Category	Attack Types	Primary Target	Module
Injection	Direct, indirect, stored, blind	Control flow	02
Jailbreaking	DAN, roleplay, multi-turn, encoding	Safety filters	03
Extraction	Prompt leak, training data, PII	Confidentiality	04
Agent Abuse	Tool hijacking, goal manipulation	Integrity	05
RAG Attacks	Poisoning, embedding manipulation	Knowledge base	06
Multimodal	Image injection, audio attacks	Vision/audio models	07
Model-Level	Poisoning, adversarial, extraction	Model weights	08

1.8Defense Landscape Overview

Understanding defenses helps red teamers identify bypass opportunities. No single defense is sufficient—defense in depth is essential but still imperfect.

D1Input Filtering

Block known malicious patterns before they reach the model.

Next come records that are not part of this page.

(* Fix reals $0<\varepsilon<1$ and $c\ge 12/\varepsilon$, and let $S$ and the squares $Q_n$ be as produced by the construction described in the context (with any choices allowed there). Call a lattice point of $Q_n$ red if it lies on a common line with two points of $S\cap Q_m$ for some $m<n$. Call an (unordered) pair of lattice points of $Q_n$ blue if at least one point of the pair is not red and the two points lie on a common line with a point of $S\cap Q_m$ for some $m<n$. Then for all sufficiently large $n$, the number of blue pairs in $Q_n$ is at most $$\frac{8\cdot 2^{3n}}{c^{4}n^{3+4\varepsilon}}.$$
   Context: Construction. Fix $0<\varepsilon<1$ and $c\ge 12/\varepsilon$. For each sufficiently large integer $n$ (say $n\ge n_0$), let $s_n=\left\lfloor\frac{2^n}{cn^{1+\varepsilon}}\right\rfloor$, $Y_n=\left\lfloor\frac{2^n}{n^{\varepsilon}}\right\rfloor$, and let $Q_n=[2^n,2^n+s_n]\times[Y_n-s_n,Y_n]$ be the axis-parallel square with side $s_n$ and top left corner $(2^n,Y_n)$. Let $p_n$ be the largest prime smaller than $s_n$. For integers $a,b$, let $\mathcal{P}_n(a,b)=\{(2^n+x,\;Y_n-y): x,y\in\{0,\dots,p_n-1\},\ y\equiv (x-a)^2+b \pmod{p_n}\}$, a translated copy of the modular parabola $y=(x-a)^2+b \bmod p_n$ in $Q_n$. The set $S\subseteq\mathbb{Z}^2$ is built iteratively for $n=n_0,n_0+1,\dots$: given the already selected points $S_{<n}=S\cap\bigcup_{m<n}Q_m$, choose parameters $(a_n,b_n)\in\{0,\dots,p_n-1\}^2$ minimizing the number of collinear triples formed by points of $\mathcal{P}_n(a_n,b_n)\cup S_{<n}$ that contain points of both $\mathcal{P}_n(a_n,b_n)$ and $S_{<n}$; delete from $\mathcal{P}_n=\mathcal{P}_n(a_n,b_n)$ one point of each such triple, and add the remaining points of $\mathcal{P}_n$ to $S$. Thus $S\cap Q_n\subseteq\mathcal{P}_n$. *)

theory Defs
  imports "HOL-Computational_Algebra.Primes" Complex_Main
begin

type_synonym pt = "int \<times> int"

definition coll :: "pt \<Rightarrow> pt \<Rightarrow> pt \<Rightarrow> bool" where
  "coll u v w \<longleftrightarrow>
     (fst v - fst u) * (snd w - snd u) = (fst w - fst u) * (snd v - snd u)"

definition side :: "real \<Rightarrow> real \<Rightarrow> nat \<Rightarrow> int" where
  "side \<epsilon> c n = \<lfloor>2 ^ n / (c * real n powr (1 + \<epsilon>))\<rfloor>"

definition Ytop :: "real \<Rightarrow> nat \<Rightarrow> int" where
  "Ytop \<epsilon> n = \<lfloor>2 ^ n / real n powr \<epsilon>\<rfloor>"

definition Qsq :: "real \<Rightarrow> real \<Rightarrow> nat \<Rightarrow> pt set" where
  "Qsq \<epsilon> c n = {(x, y). 2 ^ n \<le> x \<and> x \<le> 2 ^ n + side \<epsilon> c n \<and>
                        Ytop \<epsilon> n - side \<epsilon> c n \<le> y \<and> y \<le> Ytop \<epsilon> n}"

definition pr :: "real \<Rightarrow> real \<Rightarrow> nat \<Rightarrow> int" where
  "pr \<epsilon> c n = (GREATEST p. prime p \<and> p < side \<epsilon> c n)"

definition parab :: "real \<Rightarrow> real \<Rightarrow> nat \<Rightarrow> int \<Rightarrow> int \<Rightarrow> pt set" where
  "parab \<epsilon> c n a b = {(2 ^ n + x, Ytop \<epsilon> n - y) | x y.
      0 \<le> x \<and> x < pr \<epsilon> c n \<and> 0 \<le> y \<and> y < pr \<epsilon> c n \<and>
      y = ((x - a) ^ 2 + b) mod pr \<epsilon> c n}"

definition Sbefore :: "real \<Rightarrow> real \<Rightarrow> pt set \<Rightarrow> nat \<Rightarrow> pt set" where
  "Sbefore \<epsilon> c S n = S \<inter> (\<Union>m<n. Qsq \<epsilon> c m)"

definition mixed_triples :: "pt set \<Rightarrow> pt set \<Rightarrow> pt set set" where
  "mixed_triples P T = {t. \<exists>u v w. t = {u, v, w} \<and> card t = 3 \<and> t \<subseteq> P \<union> T \<and>
      coll u v w \<and> t \<inter> P \<noteq> {} \<and> t \<inter> T \<noteq> {}}"

definition constructed :: "real \<Rightarrow> real \<Rightarrow> nat \<Rightarrow> pt set \<Rightarrow> bool" where
  "constructed \<epsilon> c n0 S \<longleftrightarrow>
     S \<subseteq> (\<Union>n\<in>{n0..}. Qsq \<epsilon> c n) \<and>
     (\<forall>n\<ge>n0. \<exists>a b f.
        a \<in> {0..<pr \<epsilon> c n} \<and> b \<in> {0..<pr \<epsilon> c n} \<and>
        (\<forall>a'\<in>{0..<pr \<epsilon> c n}. \<forall>b'\<in>{0..<pr \<epsilon> c n}.
           card (mixed_triples (parab \<epsilon> c n a b) (Sbefore \<epsilon> c S n))
             \<le> card (mixed_triples (parab \<epsilon> c n a' b') (Sbefore \<epsilon> c S n))) \<and>
        (\<forall>t\<in>mixed_triples (parab \<epsilon> c n a b) (Sbefore \<epsilon> c S n).
           f t \<in> t \<inter> parab \<epsilon> c n a b) \<and>
        S \<inter> Qsq \<epsilon> c n = parab \<epsilon> c n a b
            - f ` mixed_triples (parab \<epsilon> c n a b) (Sbefore \<epsilon> c S n))"

definition red :: "real \<Rightarrow> real \<Rightarrow> pt set \<Rightarrow> nat \<Rightarrow> pt \<Rightarrow> bool" where
  "red \<epsilon> c S n q \<longleftrightarrow> q \<in> Qsq \<epsilon> c n \<and>
     (\<exists>m<n. \<exists>u\<in>S \<inter> Qsq \<epsilon> c m. \<exists>v\<in>S \<inter> Qsq \<epsilon> c m. u \<noteq> v \<and> coll q u v)"

definition blue_pairs :: "real \<Rightarrow> real \<Rightarrow> pt set \<Rightarrow> nat \<Rightarrow> pt set set" where
  "blue_pairs \<epsilon> c S n = {{u, v} | u v. u \<in> Qsq \<epsilon> c n \<and> v \<in> Qsq \<epsilon> c n \<and> u \<noteq> v \<and>
      (\<not> red \<epsilon> c S n u \<or> \<not> red \<epsilon> c S n v) \<and>
      (\<exists>m<n. \<exists>w\<in>S \<inter> Qsq \<epsilon> c m. coll u v w)}"

end

theory Submission
  imports Defs "HOL-Analysis.Harmonic_Numbers" "HOL-Real_Asymp.Real_Asymp"
begin

text \<open>
  Every blue pair of \<open>Q\<^sub>n\<close> lies on a line through a point \<open>w\<close> of \<open>S\<close> in an earlier square.

  Seen from \<open>w\<close>, the square \<open>Q\<^sub>n\<close> is at horizontal distance at least \<open>2\<^sup>n / 4\<close>, so the lines
  through \<open>w\<close> meeting it in two points have primitive directions \<open>(a, b)\<close> with \<open>a \<le> s\<^sub>n\<close> and
  slopes in an interval of length \<open>J \<approx> 4 s\<^sub>n / 2\<^sup>n\<close>, and such a line contains at most
  \<open>s\<^sub>n / a + 1\<close> points of \<open>Q\<^sub>n\<close>. Distinct fractions with denominators at most \<open>k\<close> differ by at
  least \<open>1 / k\<^sup>2\<close>, so for \<open>k\<^sup>2 J < 1\<close> at most one direction has \<open>a \<le> k\<close>, while for each
  \<open>a > k\<close> there are at most \<open>a J + 1\<close> directions. Summing over \<open>a\<close> bounds the pairs collinear
  with \<open>w\<close> by about \<open>2 s\<^sub>n\<^sup>3 n / 2\<^sup>n\<close>, hence the blue pairs by about \<open>4 s\<^sub>n\<^sup>4 n / 2\<^sup>n\<close>, which is
  half of the claimed bound.
\<close>

section \<open>Lattice pairs in a square collinear with the origin\<close>

definition box :: "int \<Rightarrow> int \<Rightarrow> int \<Rightarrow> pt set" where
  "box x0 y0 s = {(x, y). x0 \<le> x \<and> x \<le> x0 + s \<and> y0 \<le> y \<and> y \<le> y0 + s}"

definition collinear_pairs :: "pt set \<Rightarrow> pt \<Rightarrow> pt set set" where
  "collinear_pairs A w = {{u, v} | u v. u \<in> A \<and> v \<in> A \<and> u \<noteq> v \<and> coll u v w}"

definition line_through_origin :: "int \<Rightarrow> int \<Rightarrow> pt set" where
  "line_through_origin a b = {(t * a, t * b) | t. True}"

text \<open>Primitive directions of lines through the origin that may contain two points of
  \<open>box x0 y0 s\<close>: the slope conditions are cross-multiplied, and \<open>a \<le> s\<close> since two lattice
  points of such a line differ by a multiple of \<open>(a, b)\<close>.\<close>
definition box_directions :: "int \<Rightarrow> int \<Rightarrow> int \<Rightarrow> (int \<times> int) set" where
  "box_directions x0 y0 s = {(a, b). coprime a b \<and> 1 \<le> a \<and> a \<le> s \<and>
     y0 * a \<le> b * (x0 + s) \<and> b * x0 \<le> (y0 + s) * a}"

lemma finite_box: "finite (box x0 y0 s)"
proof -
  have "box x0 y0 s \<subseteq> {x0..x0 + s} \<times> {y0..y0 + s}"
    by (auto simp: box_def)
  then show ?thesis
    by (rule finite_subset) auto
qed

lemma finite_collinear_pairs: "finite A \<Longrightarrow> finite (collinear_pairs A w)"
  by (rule finite_subset[of _ "Pow A"]) (auto simp: collinear_pairs_def)

lemma finite_box_directions:
  assumes "x0 > 0" "y0 \<ge> 0"
  shows "finite (box_directions x0 y0 s)"
proof -
  have "box_directions x0 y0 s \<subseteq> {1..s} \<times> {0..(y0 + s) * s}"
  proof
    fix d assume "d \<in> box_directions x0 y0 s"
    then obtain a b where d: "d = (a, b)" "1 \<le> a" "a \<le> s"
      and lower: "y0 * a \<le> b * (x0 + s)" and upper: "b * x0 \<le> (y0 + s) * a"
      by (auto simp: box_directions_def)
    have "0 \<le> b * (x0 + s)"
      using lower assms d by (smt (verit) mult_nonneg_nonneg)
    then have "b \<ge> 0"
      using assms d by (simp add: zero_le_mult_iff)
    have "b \<le> b * x0"
      using \<open>b \<ge> 0\<close> assms by (simp add: mult_le_cancel_left1)
    also have "\<dots> \<le> (y0 + s) * s"
      using upper d assms by (smt (verit) mult_left_mono)
    finally show "d \<in> {1..s} \<times> {0..(y0 + s) * s}"
      using d \<open>b \<ge> 0\<close> by auto
  qed
  then show ?thesis
    by (rule finite_subset) auto
qed

lemma collinear_with_origin_primitive:
  fixes ux uy vx vy :: int
  assumes "ux > 0" "coll (ux, uy) (vx, vy) (0, 0)"
  obtains a b g t
  where "coprime a b" "1 \<le> a" "0 < g" "ux = g * a" "uy = g * b" "vx = t * a" "vy = t * b"
proof -
  define g where "g = gcd ux uy"
  define a where "a = ux div g"
  define b where "b = uy div g"
  have "g > 0"
    using assms by (simp add: g_def)
  have u_eq: "ux = g * a" "uy = g * b"
    by (simp_all add: a_def b_def g_def)
  have "coprime a b"
    unfolding a_def b_def g_def using assms by (intro div_gcd_coprime) auto
  have "a \<ge> 1"
    using u_eq \<open>g > 0\<close> assms by (smt (verit) mult_le_0_iff)
  have "vx * b = a * vy"
    using assms(2) u_eq \<open>g > 0\<close> by (simp add: coll_def algebra_simps)
  then have "a dvd vx"
    using \<open>coprime a b\<close> by (metis coprime_dvd_mult_left_iff dvd_triv_left)
  then obtain t where "vx = t * a" "vy = t * b"
    using \<open>vx * b = a * vy\<close> \<open>a \<ge> 1\<close> by (auto simp: algebra_simps)
  then show thesis
    using that \<open>coprime a b\<close> \<open>a \<ge> 1\<close> \<open>g > 0\<close> u_eq by blast
qed
(* Let $\mathbf s$ be a parity sequence for $\mathfrak{gl}_{m|n}$ and let $\mathbf s'$ be the parity sequence (for $\mathfrak{gl}_{n|m}$) defined by $s'_i=-s_{1-i}$ for all $i\in\mathbb Z$. Then there is an isomorphism of superalgebras $$\tau_{\mathbf s}:\ \mathcal E_{\mathbf s}(q_1,q_2,q_3)\to\mathcal E_{\mathbf s'}(q_3^{-1},q_2^{-1},q_1^{-1}),$$ given (coefficientwise in the generating series) by $$E_i(z)\mapsto E_{-i}(z),\qquad F_i(z)\mapsto -F_{-i}(z),\qquad K_i^\pm(z)\mapsto K_{-i}^\pm(z)\qquad(i\in\hat I).$$
   Context: Fix integers $m,n\ge 0$ with $m\ne n$ and $N=m+n\ge 3$. A parity sequence is $\mathbf s=(s_1,\dots,s_N)\in\{1,-1\}^N$ with exactly $m$ entries equal to $1$, extended to $(s_i)_{i\in\mathbb Z}$ by $s_{i+N}=s_i$. Let $\hat I=\{0,1,\dots,N-1\}$, indices always taken modulo $N$. For $i\in\hat I$ put $|i|=(1-s_is_{i+1})/2$. Define $A_{i,j}=(s_i+s_{i+1})\delta_{i,j}-s_i\delta_{i,j+1}-s_j\delta_{i+1,j}$ and $M_{i,j}$ by $M_{i+1,i}=-M_{i,i+1}=s_{i+1}$ and $M_{i,j}=0$ if $i\ne j\pm1$ ($i,j\in\hat I$). Let $\hat Q$ be the free abelian group on $\alpha_i$ ($i\in\hat I$) with symmetric bilinear form $\langle\alpha_i,\alpha_j\rangle=A_{i,j}$. Fix $d,q\in\mathbb C^\times$, put $q_1=dq^{-1}$, $q_2=q^2$, $q_3=d^{-1}q^{-1}$, and assume $q_1^aq_2^bq_3^c=1$ ($a,b,c\in\mathbb Z$) only if $a=b=c$. Let $\delta(z)=\sum_{n\in\mathbb Z}z^n$. $\mathcal E_{\mathbf s}=\mathcal E_{\mathbf s}(q_1,q_2,q_3)$ is the unital associative superalgebra generated by $E_{i,r},F_{i,r},H_{i,r'}$ and invertible $K_i$ ($i\in\hat I$, $r,r'\in\mathbb Z$, $r'\ne0$), with $|E_{i,r}|=|F_{i,r}|=|i|$ and all other generators even. Write $E_i(z)=\sum_kE_{i,k}z^{-k}$, $F_i(z)=\sum_kF_{i,k}z^{-k}$, $K_i^\pm(z)=K_i^{\pm1}\exp\big(\pm(q-q^{-1})\sum_{r>0}H_{i,\pm r}z^{\mp r}\big)$. Let $[X,Y]=XY-(-1)^{|X||Y|}YX$, and for homogeneous $X,Y$ of $\hat Q$-weights $\alpha,\beta$ (where $E_{i,r}$ has weight $\alpha_i$, $F_{i,r}$ weight $-\alpha_i$, $K_i,H_{i,r}$ weight $0$) let $[\![X,Y]\!]=XY-(-1)^{|X||Y|}q^{\langle\alpha,\beta\rangle}YX$. The defining relations are, for all $i,j\in\hat I$: (1) $K_iK_j=K_jK_i$, $K_iE_j(z)K_i^{-1}=q^{A_{i,j}}E_j(z)$, $K_iF_j(z)K_i^{-1}=q^{-A_{i,j}}F_j(z)$; (2) $K_i^\pm(z)K_j^\pm(w)=K_j^\pm(w)K_i^\pm(z)$, $K_i^-(z)K_j^+(w)=K_j^+(w)K_i^-(z)$; (3) $(d^{M_{i,j}}z-q^{A_{i,j}}w)K_i^\pm(z)E_j(w)=(d^{M_{i,j}}q^{A_{i,j}}z-w)E_j(w)K_i^\pm(z)$ and $(d^{M_{i,j}}z-q^{-A_{i,j}}w)K_i^\pm(z)F_j(w)=(d^{M_{i,j}}q^{-A_{i,j}}z-w)F_j(w)K_i^\pm(z)$; (4) $[E_i(z),F_j(w)]=\frac{\delta_{i,j}}{q-q^{-1}}\big(\delta(w/z)K_i^+(w)-\delta(z/w)K_i^-(z)\big)$; (5) if $A_{i,j}=0$: $[E_i(z),E_j(w)]=0=[F_i(z),F_j(w)]$; if $A_{i,j}\ne0$: $(d^{M_{i,j}}z-q^{A_{i,j}}w)E_i(z)E_j(w)=(-1)^{|i||j|}(d^{M_{i,j}}q^{A_{i,j}}z-w)E_j(w)E_i(z)$ and $(d^{M_{i,j}}z-q^{-A_{i,j}}w)F_i(z)F_j(w)=(-1)^{|i||j|}(d^{M_{i,j}}q^{-A_{i,j}}z-w)F_j(w)F_i(z)$; (6) if $A_{i,i}\ne0$: $\mathrm{Sym}_{z_1,z_2}[\![E_i(z_1),[\![E_i(z_2),E_{i\pm1}(w)]\!]]\!]=0$ and the same with $F$ in place of $E$; if $mn\ne2$ and $A_{i,i}=0$: $\mathrm{Sym}_{z_1,z_2}[\![E_i(z_1),[\![E_{i+1}(w_1),[\![E_i(z_2),E_{i-1}(w_2)]\!]]\!]]\!]=0$ and the same with $F$; if $mn=2$ and $A_{i,i}\ne0$: $\mathrm{Sym}_{z_1,z_2}\mathrm{Sym}_{w_1,w_2}[\![E_{i-1}(z_1),[\![E_{i+1}(w_1),[\![E_{i-1}(z_2),[\![E_{i+1}(w_2),E_i(y)]\!]]\!]]\!]]\!]=\mathrm{Sym}_{z_1,z_2}\mathrm{Sym}_{w_1,w_2}[\![E_{i+1}(w_1),[\![E_{i-1}(z_1),[\![E_{i+1}(w_2),[\![E_{i-1}(z_2),E_i(y)]\!]]\!]]\!]]\!]$ and the same with $F$. The algebra $\mathcal E_{\mathbf s'}(q_3^{-1},q_2^{-1},q_1^{-1})$ is defined in the same way with $(m,n)$ replaced by $(n,m)$, $\mathbf s$ by $\mathbf s'$, and $(q_1,q_2,q_3)$ replaced by $(q_3^{-1},q_2^{-1},q_1^{-1})$ (i.e. $(d,q)$ replaced by $(d,q^{-1})$). *)

theory Defs
  imports Complex_Main
begin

Keyword blocklists, regex patterns, ML classifiers Bypass: Encoding, obfuscation, synonyms

D2Output Filtering

Scan model outputs for sensitive data or harmful content.

PII detection, content classifiers Bypass: Encoding output, indirect references

D3Prompt Hardening

Strengthen system prompts against override attempts.

Instruction emphasis, delimiters, few-shot examples Bypass: Context overflow, authority claims

D4Guardrail Models

Secondary models that evaluate inputs/outputs for safety.

Constitutional AI, safety classifiers Bypass: Adversarial examples, edge cases

Red Team Mindset

Every defense creates a new attack surface. Input filters can be bypassed with encoding. Output filters can be bypassed by instructing the model to encode sensitive data. Guardrail models can themselves be prompt-injected. Your job is to find the gaps.